=== Section Start ===
lemma jet_norm_scalar_le:
  fixes K :: "(real^'n::finite) set"
  assumes c: "0 \<le> c" and sup: "\<And>x. x \<in> K \<Longrightarrow> \<bar>g x\<bar> \<le> c"
    and ratio: "\<And>x y. x \<in> K \<Longrightarrow> y \<in> K \<Longrightarrow> x \<noteq> y \<Longrightarrow> \<bar>g x - g y\<bar> / dist x y powr (real m + \<gamma>) \<le> c"
  shows "jet_norm m \<gamma> K (\<lambda>j x. if j = (\<lambda>_. 0) then g x else 0) \<le> ereal c"
  unfolding jet_norm_def
proof (rule Sup_least, elim UnE CollectE exE conjE)
  fix a and j :: "'n mindex" and x assume "a = ereal \<bar>(if j = (\<lambda>_. 0) then g x else 0)\<bar>" "x \<in> K"
  then show "a \<le> ereal c" using sup c by auto
next
  fix a and j :: "'n mindex" and x y
  assume a: "a = ereal (\<bar>jet_rem m (\<lambda>j x. if j = (\<lambda>_. 0) then g x else 0) j x y\<bar>
                         / dist x y powr (real m + \<gamma> - real (mabs j)))"
    and "x \<in> K" "y \<in> K" "x \<noteq> y"
  then show "a \<le> ereal c"
    using ratio c by (auto simp: jet_rem_scalar mabs_def)
qed
definition simple_twisted_module :: "(complex \<Rightarrow> 'w::ab_group_add \<Rightarrow> 'w) \<Rightarrow> (('a \<Rightarrow> 'a) \<Rightarrow> 'w \<Rightarrow> 'w)
    \<Rightarrow> ('a \<Rightarrow> 'a) set \<Rightarrow> (('a \<Rightarrow> 'a) \<Rightarrow> ('a \<Rightarrow> 'a) \<Rightarrow> complex) \<Rightarrow> bool" where
  "simple_twisted_module sW \<rho> H \<alpha> \<longleftrightarrow> twisted_module sW \<rho> H \<alpha> \<and> fin_dim sW \<and>
     (UNIV :: 'w set) \<noteq> {0} \<and>
     (\<forall>N. module.subspace sW N \<longrightarrow> (\<forall>h\<in>H. \<forall>w\<in>N. \<rho> h w \<in> N) \<longrightarrow> N = {0} \<or> N = UNIV)"

definition twisted_hom :: "(complex \<Rightarrow> 'w::ab_group_add \<Rightarrow> 'w) \<Rightarrow> (complex \<Rightarrow> 'm::ab_group_add \<Rightarrow> 'm)
    \<Rightarrow> (('a \<Rightarrow> 'a) \<Rightarrow> 'w \<Rightarrow> 'w) \<Rightarrow> (('a \<Rightarrow> 'a) \<Rightarrow> 'm \<Rightarrow> 'm) \<Rightarrow> ('a \<Rightarrow> 'a) set
    \<Rightarrow> ('w \<Rightarrow> 'm) \<Rightarrow> bool" where
  "twisted_hom sW sM \<rho> \<phi> H f \<longleftrightarrow> Vector_Spaces.linear sW sM f \<and>
     (\<forall>h\<in>H. \<forall>w. f (\<rho> h w) = \<phi> h (f w))"
theorem mainTheorem9:
  fixes psi :: "real \<Rightarrow> 'x::finite \<Rightarrow> 'x \<Rightarrow> real"
    and psib :: "real \<Rightarrow> 'x \<Rightarrow> real"
    and \<mu> :: "(graph \<times> nat) measure"
    and K :: "(real \<times> real) set"
  assumes "H1 psi psib"
    and "unimod_prob_on_trees \<mu>"
    and "compact K"
  shows "\<exists>C::real.
     (\<forall>(b, B)\<in>K. \<forall>h\<in>Hstar \<mu> psi psib b B.
        AE z in \<mu>. \<bar>Phi psi psib b B h (fst z) (snd z)\<bar> \<le> C * (real (deg (fst z) (snd z))^2 + 1)) \<and>
     ((\<forall>b s s'. 0 < psi b s s') \<longrightarrow>
        (\<forall>(b, B)\<in>K. \<forall>h. is_message h \<longrightarrow> (\<forall>G r. is_lf_tree G r \<longrightarrow>
           \<bar>Phi psi psib b B h G r\<bar> \<le> C * (real (deg G r) + 1)))) \<and>
     (integrable \<mu> (\<lambda>z. real (deg (fst z) (snd z))^2) \<longrightarrow>
        (\<exists>C'::real. \<forall>(b, B)\<in>K. \<forall>h\<in>Hstar \<mu> psi psib b B.
           integrable \<mu> (\<lambda>z. Phi psi psib b B h (fst z) (snd z)) \<and> \<bar>Phi_mu \<mu> psi psib b B h\<bar> \<le> C')) \<and>
     ((\<forall>b s s'. 0 < psi b s s') \<longrightarrow> integrable \<mu> (\<lambda>z. real (deg (fst z) (snd z))) \<longrightarrow>
        (\<exists>C'::real. \<forall>(b, B)\<in>K. \<forall>h. is_message h \<longrightarrow>
           integrable \<mu> (\<lambda>z. Phi psi psib b B h (fst z) (snd z)) \<and> \<bar>Phi_mu \<mu> psi psib b B h\<bar> \<le> C'))"
proof -
  obtain Ca where "\<forall>C\<ge>Ca. \<forall>(b, B)\<in>K. \<forall>h\<in>Hstar \<mu> psi psib b B.
      AE z in \<mu>. \<bar>Phi psi psib b B h (fst z) (snd z)\<bar> \<le> C * (real (deg (fst z) (snd z))^2 + 1)"
    using Phi_bound_Hstar_compact[OF assms] by blast
  moreover obtain Cb where "(\<forall>b s s'. 0 < psi b s s') \<longrightarrow> (\<forall>C\<ge>Cb. \<forall>(b, B)\<in>K. \<forall>h. is_message h \<longrightarrow>
      (\<forall>G r. is_lf_tree G r \<longrightarrow> \<bar>Phi psi psib b B h G r\<bar> \<le> C * (real (deg G r) + 1)))"
    using Phi_bound_positive_compact[OF assms(1,3)] by blast
  ultimately show ?thesis
    using Phi_mu_bound_Hstar[OF assms] Phi_mu_bound_positive[OF assms]
    by (intro exI[of _ "max Ca Cb"]) auto
qed

end
(* Let $p_1<p_2<\cdots$ be the rational primes. For each $N$, let $\{Z_i^k: i\ge1,\ 1\le k\le N\}$ be independent Bernoulli random variables with $\mathbb{P}[Z_i^k=1]=1/p_i$, and define \[ \Delta'_N:=\max_{1\le k<j\le N}\ \max_i\ Z_i^jZ_i^k\log p_i . \] Fix $\delta\in(0,\infty)$ and let $\varphi_N=\varphi_N[\delta]$ be defined as below. Then \[ \liminf_{N\to\infty}\mathbb{P}\big[\Delta'_N\ge\log\varphi_N[\delta]\big]\ge 1-e^{-\delta}. \]
   Context: For $\delta\in(0,\infty)$ and $N\ge1$, $\varphi_N=\varphi_N[\delta]>1$ is the unique real number satisfying $\int_{\varphi_N}^{2\varphi_N}\frac{N^2\,dx}{2x^2\log x}=\delta$. *)

theory Defs
  imports "HOL-Probability.Probability" "HOL-Computational_Algebra.Primes"
begin

text \<open>The i-th rational prime, 1-based: p 1 = 2, p 2 = 3, ...\<close>
definition pr :: "nat \<Rightarrow> nat" where
  "pr i = enumerate {p::nat. prime p} (i - 1)"

definition phiN :: "real \<Rightarrow> nat \<Rightarrow> real" where
  "phiN \<delta> N = (THE \<phi>. \<phi> > 1 \<and>
      integral {\<phi>..2*\<phi>} (\<lambda>x. (real N)^2 / (2 * x^2 * ln x)) = \<delta>)"

definition DeltaN' :: "nat \<Rightarrow> (nat \<Rightarrow> nat \<Rightarrow> 'a \<Rightarrow> real) \<Rightarrow> 'a \<Rightarrow> ereal" where
  "DeltaN' N Z \<omega> = (SUP (k, j, i) \<in> {(k, j, i). 1 \<le> k \<and> k < j \<and> j \<le> N \<and> 1 \<le> i}.
      ereal (Z i j \<omega> * Z i k \<omega> * ln (real (pr i))))"

end

theory Submission
  imports Defs "HOL-Number_Theory.Prime_Powers" "HOL-Real_Asymp.Real_Asymp"
begin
=== Section End ===
## Assignment:
Across the entries above, how many lines include "noteq"? State only that number.

## Response box:
3